Items listed in a dataset:
────────────────
(* Let $a \in \mathbb{C}$ and $w \in \mathbb{C}\setminus\{0\}$. For $\tau > 0$ small enough that $0 < \tau |w| e^{\tau|a|} < 1/e$, define $$\Sigma_0^+(\tau) := \tfrac{1}{\tau}W_0\big(\tau|w|e^{-\tau|a|}\big) + |a|,\quad \Sigma_0^-(\tau) := \tfrac{1}{\tau}W_0\big(-\tau|w|e^{\tau|a|}\big) - |a|,\quad \Sigma_{-1}(\tau) := \tfrac{1}{\tau}W_{-1}\big(-\tau|w|e^{\tau|a|}\big) - |a|.$$ Then for every sufficiently small $\tau > 0$, every root $z$ of $z + a - we^{-\tau z} = 0$ satisfies $$\operatorname{Re}(z) \le \Sigma_{-1}(\tau) \quad\text{or}\quad \Sigma_0^-(\tau) \le \operatorname{Re}(z) \le \Sigma_0^+(\tau),$$ and moreover $\lim_{\tau\downarrow 0}\Sigma_0^\pm(\tau) = \pm(|a|+|w|)$ and $\lim_{\tau\downarrow 0}\Sigma_{-1}(\tau) = -\infty$.
   Context: $W_0 : [-1/e,\infty) \to [-1,\infty)$ is the inverse of the increasing function $x \mapsto xe^x$ on $[-1,\infty)$, and $W_{-1} : [-1/e, 0) \to (-\infty,-1]$ is the inverse of the decreasing function $x\mapsto xe^x$ on $(-\infty,-1]$ (the two real branches of the Lambert $W$ function). *)

theory Defs
  imports "HOL-Analysis.Analysis"
begin

text \<open>Principal real branch of Lambert W: inverse of x * exp x on [-1, inf).
  Only meaningful for y \<ge> -1/e.\<close>
definition LambertW0 :: "real \<Rightarrow> real" where
  "LambertW0 y = (THE x. x \<ge> -1 \<and> x * exp x = y)"

text \<open>Lower real branch of Lambert W: inverse of x * exp x on (-inf, -1].
  Only meaningful for -1/e \<le> y < 0.\<close>
definition LambertWm1 :: "real \<Rightarrow> real" where
  "LambertWm1 y = (THE x. x \<le> -1 \<and> x * exp x = y)"

definition Sigma0_plus :: "complex \<Rightarrow> complex \<Rightarrow> real \<Rightarrow> real" where
  "Sigma0_plus a w \<tau> = LambertW0 (\<tau> * cmod w * exp (- \<tau> * cmod a)) / \<tau> + cmod a"

definition Sigma0_minus :: "complex \<Rightarrow> complex \<Rightarrow> real \<Rightarrow> real" where
  "Sigma0_minus a w \<tau> = LambertW0 (- \<tau> * cmod w * exp (\<tau> * cmod a)) / \<tau> - cmod a"

definition Sigma_m1 :: "complex \<Rightarrow> complex \<Rightarrow> real \<Rightarrow> real" where
  "Sigma_m1 a w \<tau> = LambertWm1 (- \<tau> * cmod w * exp (\<tau> * cmod a)) / \<tau> - cmod a"

end

theory Submission
  imports Defs "HOL-Real_Asymp.Real_Asymp"
begin

text \<open>Taking real parts and moduli in z + a = w exp(-\<tau> z) gives
  \<bar>Re z\<bar> - |a| \<le> |w| exp(-\<tau> Re z). Multiplying by \<tau> exp(\<tau> Re z \<mp> \<tau> |a|) turns the two
  resulting bounds into  v exp v \<le> \<tau> |w| exp(-\<tau> |a|)  for v = \<tau> (Re z - |a|) and
  -\<tau> |w| exp(\<tau> |a|) \<le> v exp v  for v = \<tau> (Re z + |a|), and monotonicity of x exp x on
  each side of -1 converts these into the stated bounds on Re z. The limits follow from
  W0(y) = y exp(-W0(y)), W0(y) \<rightarrow> 0 as y \<rightarrow> 0, and W(-1)(y) \<le> -1.\<close>

lemma xexp_has_real_derivative:
  "((\<lambda>x::real. x * exp x) has_real_derivative (1 + r) * exp r) (at r)"
  by (auto intro!: derivative_eq_intros simp: algebra_simps)

lemma xexp_le_xexp_iff_ge_minus_one:
  fixes x y :: real
  assumes "-1 \<le> x" "-1 \<le> y"
  shows "x * exp x \<le> y * exp y \<longleftrightarrow> x \<le> y"
proof -
  have "strict_mono_on {-1..} (\<lambda>x::real. x * exp x)"
  proof (rule strict_mono_onI)
    fix s t :: real assume "s \<in> {-1..}" "s < t"
    show "s * exp s < t * exp t"
    proof (rule DERIV_pos_imp_increasing_open[OF \<open>s < t\<close>])
      fix r assume "s < r"
      with \<open>s \<in> {-1..}\<close> have "0 < (1 + r) * exp r" by simp
      with xexp_has_real_derivative
      show "\<exists>d. ((\<lambda>x. x * exp x) has_real_derivative d) (at r) \<and> 0 < d" by blast
    qed (intro continuous_intros)
  qed
  from strict_mono_on_less_eq[OF this] assms show ?thesis by simp
qed

lemma xexp_le_xexp_iff_le_minus_one:
  fixes x y :: real
  assumes "x \<le> -1" "y \<le> -1"
  shows "x * exp x \<le> y * exp y \<longleftrightarrow> y \<le> x"
proof -
  have dec: "t * exp t < s * exp s" if "s < t" "t \<le> -1" for s t :: real
  proof (rule DERIV_neg_imp_decreasing_open[OF \<open>s < t\<close>])
    fix r assume "r < t"
    with \<open>t \<le> -1\<close> have "(1 + r) * exp r < 0" by (simp add: mult_neg_pos)
    with xexp_has_real_derivative
    show "\<exists>d. ((\<lambda>x. x * exp x) has_real_derivative d) (at r) \<and> d < 0" by blast
  qed (intro continuous_intros)
  show ?thesis using dec[of x y] dec[of y x] assms by (cases x y rule: linorder_cases) auto
qed

lemma LambertW0_ex1:
  fixes y :: real
  assumes "- exp (-1) \<le> y"
  shows "\<exists>!x. -1 \<le> x \<and> x * exp x = y"
proof -
  have "0 < y + 1" using assms exp_less_one_iff[of "-1::real"] by linarith
  then have "y + 1 \<le> (y + 1) * exp (y + 1)" by simp
  then have "y \<le> (y + 1) * exp (y + 1)" by linarith
  then have "\<exists>x. -1 \<le> x \<and> x \<le> y + 1 \<and> x * exp x = y"
    using assms \<open>0 < y + 1\<close> by (intro IVT') (auto intro!: continuous_intros)
  then obtain x where "-1 \<le> x" "x * exp x = y" by blast
  then show ?thesis
    using xexp_le_xexp_iff_ge_minus_one by (metis order_antisym order_refl)
qed

lemma LambertWm1_ex1:
  fixes y :: real
  assumes "- exp (-1) \<le> y" "y < 0"
  shows "\<exists>!x. x \<le> -1 \<and> x * exp x = y"
proof -
  have "((\<lambda>x::real. x * exp x) \<longlongrightarrow> 0) at_bot" by real_asymp
  then have "\<forall>\<^sub>F x in at_bot. y < x * exp x \<and> x \<le> -1"
    by (rule eventually_conj[OF order_tendstoD(1)[OF _ \<open>y < 0\<close>] eventually_le_at_bot])
  then obtain b where "\<forall>x\<le>b. y < x * exp x \<and> x \<le> -1"
    by (auto simp: eventually_at_bot_linorder)
  then have "y < b * exp b" "b \<le> -1" by auto
  then have "\<exists>x. b \<le> x \<and> x \<le> -1 \<and> x * exp x = y"
    using assms by (intro IVT2') (auto intro!: continuous_intros)
  then obtain x where "x \<le> -1" "x * exp x = y" by blast
  then show ?thesis
    using xexp_le_xexp_iff_le_minus_one by (metis order_antisym order_refl)
qed

lemma LambertW0_inverse:
  assumes "- exp (-1) \<le> y"
  shows "-1 \<le> LambertW0 y" "LambertW0 y * exp (LambertW0 y) = y"
  using theI'[OF LambertW0_ex1[OF assms]] unfolding LambertW0_def by auto

lemma LambertWm1_inverse:
  assumes "- exp (-1) \<le> y" "y < 0"
  shows "LambertWm1 y \<le> -1" "LambertWm1 y * exp (LambertWm1 y) = y"
  using theI'[OF LambertWm1_ex1[OF assms]] unfolding LambertWm1_def by auto

lemma le_LambertW0:
  assumes "- exp (-1) \<le> y" "u * exp u \<le> y"
  shows "u \<le> LambertW0 y"
proof (cases "-1 \<le> u")
  case True
  with assms xexp_le_xexp_iff_ge_minus_one[OF True LambertW0_inverse(1)] show ?thesis
    by (simp add: LambertW0_inverse(2))
next
  case False
  with LambertW0_inverse(1)[OF assms(1)] show ?thesis by linarith
qed

lemma le_LambertWm1_or_LambertW0_le:
  assumes "- exp (-1) \<le> y" "y \<le> v * exp v"
  shows "v \<le> LambertWm1 y \<or> LambertW0 y \<le> v"
proof (cases "-1 \<le> v")
  case True
  with assms xexp_le_xexp_iff_ge_minus_one[OF LambertW0_inverse(1) True] show ?thesis
    by (simp add: LambertW0_inverse(2))
next
  case False
  then have "y < 0" using assms(2) mult_neg_pos[of v "exp v"] by simp
  with assms False xexp_le_xexp_iff_le_minus_one[OF LambertWm1_inverse(1) _, of y v] show ?thesis
    by (simp add: LambertWm1_inverse(2))
qed

lemma abs_LambertW0_le:
  assumes "- exp (-1) \<le> y"
  shows "\<bar>LambertW0 y\<bar> \<le> exp 1 * \<bar>y\<bar>"
proof -
  define u where "u = LambertW0 y"
  have u: "-1 \<le> u" "u * exp u = y" using LambertW0_inverse[OF assms] by (simp_all add: u_def)
  have "exp (-1) \<le> exp u" using u by simp
  then have "\<bar>u\<bar> * exp (-1) \<le> \<bar>u\<bar> * exp u" by (intro mult_left_mono) simp_all
  also have "\<dots> = \<bar>y\<bar>" using u(2) by (auto simp: abs_mult)
  finally show ?thesis by (simp add: u_def exp_minus field_simps)
qed

lemma LambertW0_eq_mult_exp:
  assumes "- exp (-1) \<le> y"
  shows "LambertW0 y = y * exp (- LambertW0 y)"
  using LambertW0_inverse(2)[OF assms] by (simp add: exp_minus field_simps)

lemma tendsto_LambertW0_div:
  fixes g :: "real \<Rightarrow> real"
  assumes "(g \<longlongrightarrow> L) (at_right 0)"
  shows "((\<lambda>\<tau>. LambertW0 (\<tau> * g \<tau>) / \<tau>) \<longlongrightarrow> L) (at_right 0)"
proof -
  have "((\<lambda>\<tau>. \<tau> * g \<tau>) \<longlongrightarrow> 0 * L) (at_right 0)"
    by (intro tendsto_intros assms)
  then have h: "((\<lambda>\<tau>. \<tau> * g \<tau>) \<longlongrightarrow> 0) (at_right 0)" by simp
  have dom: "\<forall>\<^sub>F \<tau> in at_right 0. - exp (-1) \<le> \<tau> * g \<tau>"
    using order_tendstoD(1)[OF h, of "- exp (-1)"] by (auto elim: eventually_mono)
  have "((\<lambda>\<tau>. LambertW0 (\<tau> * g \<tau>)) \<longlongrightarrow> 0) (at_right 0)"
  proof (rule tendsto_0_le[OF h, of _ "exp 1"])
    show "\<forall>\<^sub>F \<tau> in at_right 0. norm (LambertW0 (\<tau> * g \<tau>)) \<le> norm (\<tau> * g \<tau>) * exp 1"
      using dom by eventually_elim (simp add: abs_LambertW0_le mult.commute)
  qed
  then have "((\<lambda>\<tau>. g \<tau> * exp (- LambertW0 (\<tau> * g \<tau>))) \<longlongrightarrow> L * exp (- 0)) (at_right 0)"
    by (intro tendsto_intros assms)
  moreover have "\<forall>\<^sub>F \<tau> in at_right 0. g \<tau> * exp (- LambertW0 (\<tau> * g \<tau>)) = LambertW0 (\<tau> * g \<tau>) / \<tau>"
    using dom eventually_at_right_less[of 0] by eventually_elim (subst (2) LambertW0_eq_mult_exp, auto)
  ultimately show ?thesis by (simp add: tendsto_cong)
qed

lemma root_Re_location:
  fixes a w z :: complex and \<tau> :: real
  assumes "0 < \<tau>" "\<tau> * cmod w * exp (\<tau> * cmod a) \<le> exp (-1)"
    and "z + a - w * exp (- complex_of_real \<tau> * z) = 0"
  shows "Re z \<le> Sigma_m1 a w \<tau> \<or> (Sigma0_minus a w \<tau> \<le> Re z \<and> Re z \<le> Sigma0_plus a w \<tau>)"
proof -
  define x A B where "x = Re z" and "A = cmod a" and "B = cmod w"
  have "z + a = w * exp (- complex_of_real \<tau> * z)" using assms(3) by simp
  then have "cmod (z + a) = B * exp (- \<tau> * x)" by (simp add: norm_mult x_def B_def)
  moreover have "\<bar>x\<bar> - A \<le> cmod (z + a)"
    using abs_Re_le_cmod[of "z + a"] abs_Re_le_cmod[of a] by (simp add: x_def A_def)
  ultimately have bound: "\<bar>x\<bar> - A \<le> B * exp (- \<tau> * x)" by simp
  have rescale: "\<tau> * s * exp (\<tau> * (x + d)) \<le> \<tau> * B * exp (\<tau> * d)"
    if "s \<le> B * exp (- \<tau> * x)" for s d
  proof -
    have "\<tau> * s * exp (\<tau> * (x + d)) \<le> \<tau> * (B * exp (- \<tau> * x)) * exp (\<tau> * (x + d))"
      using that assms(1) by (intro mult_right_mono mult_left_mono) auto
    also have "\<dots> = \<tau> * B * exp (\<tau> * d)" by (simp add: algebra_simps flip: exp_add)
    finally show ?thesis .
  qed
  from bound have "x - A \<le> B * exp (- \<tau> * x)" by linarith
  from rescale[OF this, of "- A"]
  have "\<tau> * (x - A) * exp (\<tau> * (x - A)) \<le> \<tau> * B * exp (- \<tau> * A)" by simp
  then have "\<tau> * (x - A) \<le> LambertW0 (\<tau> * B * exp (- \<tau> * A))"
    using assms(1) by (intro le_LambertW0) (auto simp: B_def intro: order_trans[of _ 0])
  then have "x - A \<le> LambertW0 (\<tau> * B * exp (- \<tau> * A)) / \<tau>"
    using assms(1) by (simp add: pos_le_divide_eq mult.commute)
  then have upper: "x \<le> Sigma0_plus a w \<tau>" by (simp add: Sigma0_plus_def A_def B_def)
  from bound have "- x - A \<le> B * exp (- \<tau> * x)" by linarith
  from rescale[OF this, of A]
  have "- \<tau> * B * exp (\<tau> * A) \<le> \<tau> * (x + A) * exp (\<tau> * (x + A))"
    by (simp add: algebra_simps)
  then have "\<tau> * (x + A) \<le> LambertWm1 (- \<tau> * B * exp (\<tau> * A))
      \<or> LambertW0 (- \<tau> * B * exp (\<tau> * A)) \<le> \<tau> * (x + A)"
    using assms(2) by (intro le_LambertWm1_or_LambertW0_le) (simp_all add: A_def B_def)
  then have "x + A \<le> LambertWm1 (- \<tau> * B * exp (\<tau> * A)) / \<tau>
      \<or> LambertW0 (- \<tau> * B * exp (\<tau> * A)) / \<tau> \<le> x + A"
    using assms(1) by (simp add: pos_le_divide_eq pos_divide_le_eq mult.commute)
  with upper show ?thesis by (auto simp: Sigma_m1_def Sigma0_minus_def A_def B_def x_def)
qed

lemma eventually_delay_small:
  fixes B A :: real
  shows "\<forall>\<^sub>F \<tau> in at_right 0. 0 < \<tau> \<and> \<tau> * B * exp (\<tau> * A) < exp (-1)"
proof -
  have "((\<lambda>\<tau>. \<tau> * B * exp (\<tau> * A)) \<longlongrightarrow> 0) (at_right 0)" by real_asymp
  then show ?thesis by (intro eventually_conj eventually_at_right_less order_tendstoD(2)) auto
qed

lemma tendsto_Sigma0_plus: "(Sigma0_plus a w \<longlongrightarrow> cmod a + cmod w) (at_right 0)"
proof -
  have "((\<lambda>\<tau>. cmod w * exp (- \<tau> * cmod a)) \<longlongrightarrow> cmod w) (at_right 0)" by real_asymp
  from tendsto_add[OF tendsto_LambertW0_div[OF this] tendsto_const[of "cmod a"]] show ?thesis
    by (simp add: Sigma0_plus_def[abs_def] mult.assoc add.commute)
qed

lemma tendsto_Sigma0_minus: "(Sigma0_minus a w \<longlongrightarrow> - (cmod a + cmod w)) (at_right 0)"
proof -
  have "((\<lambda>\<tau>. - cmod w * exp (\<tau> * cmod a)) \<longlongrightarrow> - cmod w) (at_right 0)" by real_asymp
  from tendsto_diff[OF tendsto_LambertW0_div[OF this] tendsto_const[of "cmod a"]]
  have "(Sigma0_minus a w \<longlongrightarrow> - cmod w - cmod a) (at_right 0)"
    by (simp add: Sigma0_minus_def[abs_def] mult.assoc)
  then show ?thesis by (rule tendsto_eq_rhs) simp
qed

lemma filterlim_Sigma_m1_at_bot:
  assumes "w \<noteq> 0"
  shows "filterlim (Sigma_m1 a w) at_bot (at_right 0)"
proof (rule filterlim_at_bot_mono)
  show "filterlim (\<lambda>\<tau>::real. - 1 / \<tau> - cmod a) at_bot (at_right 0)" by real_asymp
  show "\<forall>\<^sub>F \<tau> in at_right 0. Sigma_m1 a w \<tau> \<le> - 1 / \<tau> - cmod a"
    using eventually_delay_small[of "cmod w" "cmod a"]
  proof eventually_elim
    case (elim \<tau>)
    define c where "c = \<tau> * cmod w * exp (\<tau> * cmod a)"
    have "- exp (-1) \<le> - c" "- c < 0" using elim assms by (auto simp: c_def)
    from LambertWm1_inverse(1)[OF this] elim have "LambertWm1 (- c) / \<tau> \<le> - 1 / \<tau>"
      by (intro divide_right_mono) auto
    then show ?case by (simp add: Sigma_m1_def c_def)
  qed
qed

theorem mainTheorem3:
  fixes a w :: complex
  assumes "w \<noteq> 0"
  shows "(\<forall>\<^sub>F \<tau> in at_right 0.
            \<forall>z::complex. z + a - w * exp (- complex_of_real \<tau> * z) = 0 \<longrightarrow>
              (Re z \<le> Sigma_m1 a w \<tau> \<or>
               (Sigma0_minus a w \<tau> \<le> Re z \<and> Re z \<le> Sigma0_plus a w \<tau>)))
       \<and> (Sigma0_plus a w \<longlongrightarrow> cmod a + cmod w) (at_right 0)
       \<and> (Sigma0_minus a w \<longlongrightarrow> - (cmod a + cmod w)) (at_right 0)
       \<and> filterlim (Sigma_m1 a w) at_bot (at_right 0)"
proof -
  from eventually_delay_small[of "cmod w" "cmod a"] have "\<forall>\<^sub>F \<tau> in at_right 0.
            \<forall>z::complex. z + a - w * exp (- complex_of_real \<tau> * z) = 0 \<longrightarrow>
              (Re z \<le> Sigma_m1 a w \<tau> \<or>
               (Sigma0_minus a w \<tau> \<le> Re z \<and> Re z \<le> Sigma0_plus a w \<tau>))"
    by eventually_elim (intro allI impI root_Re_location, auto)
  with tendsto_Sigma0_plus tendsto_Sigma0_minus filterlim_Sigma_m1_at_bot[OF assms]
  show ?thesis by blast
qed

end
────────────────
> WORK INSTRUCTION
Looking at the entries above, count the lines that contain the string "cases", then give the number and nothing else.

> ANSWER TO THIS PROBLEM
3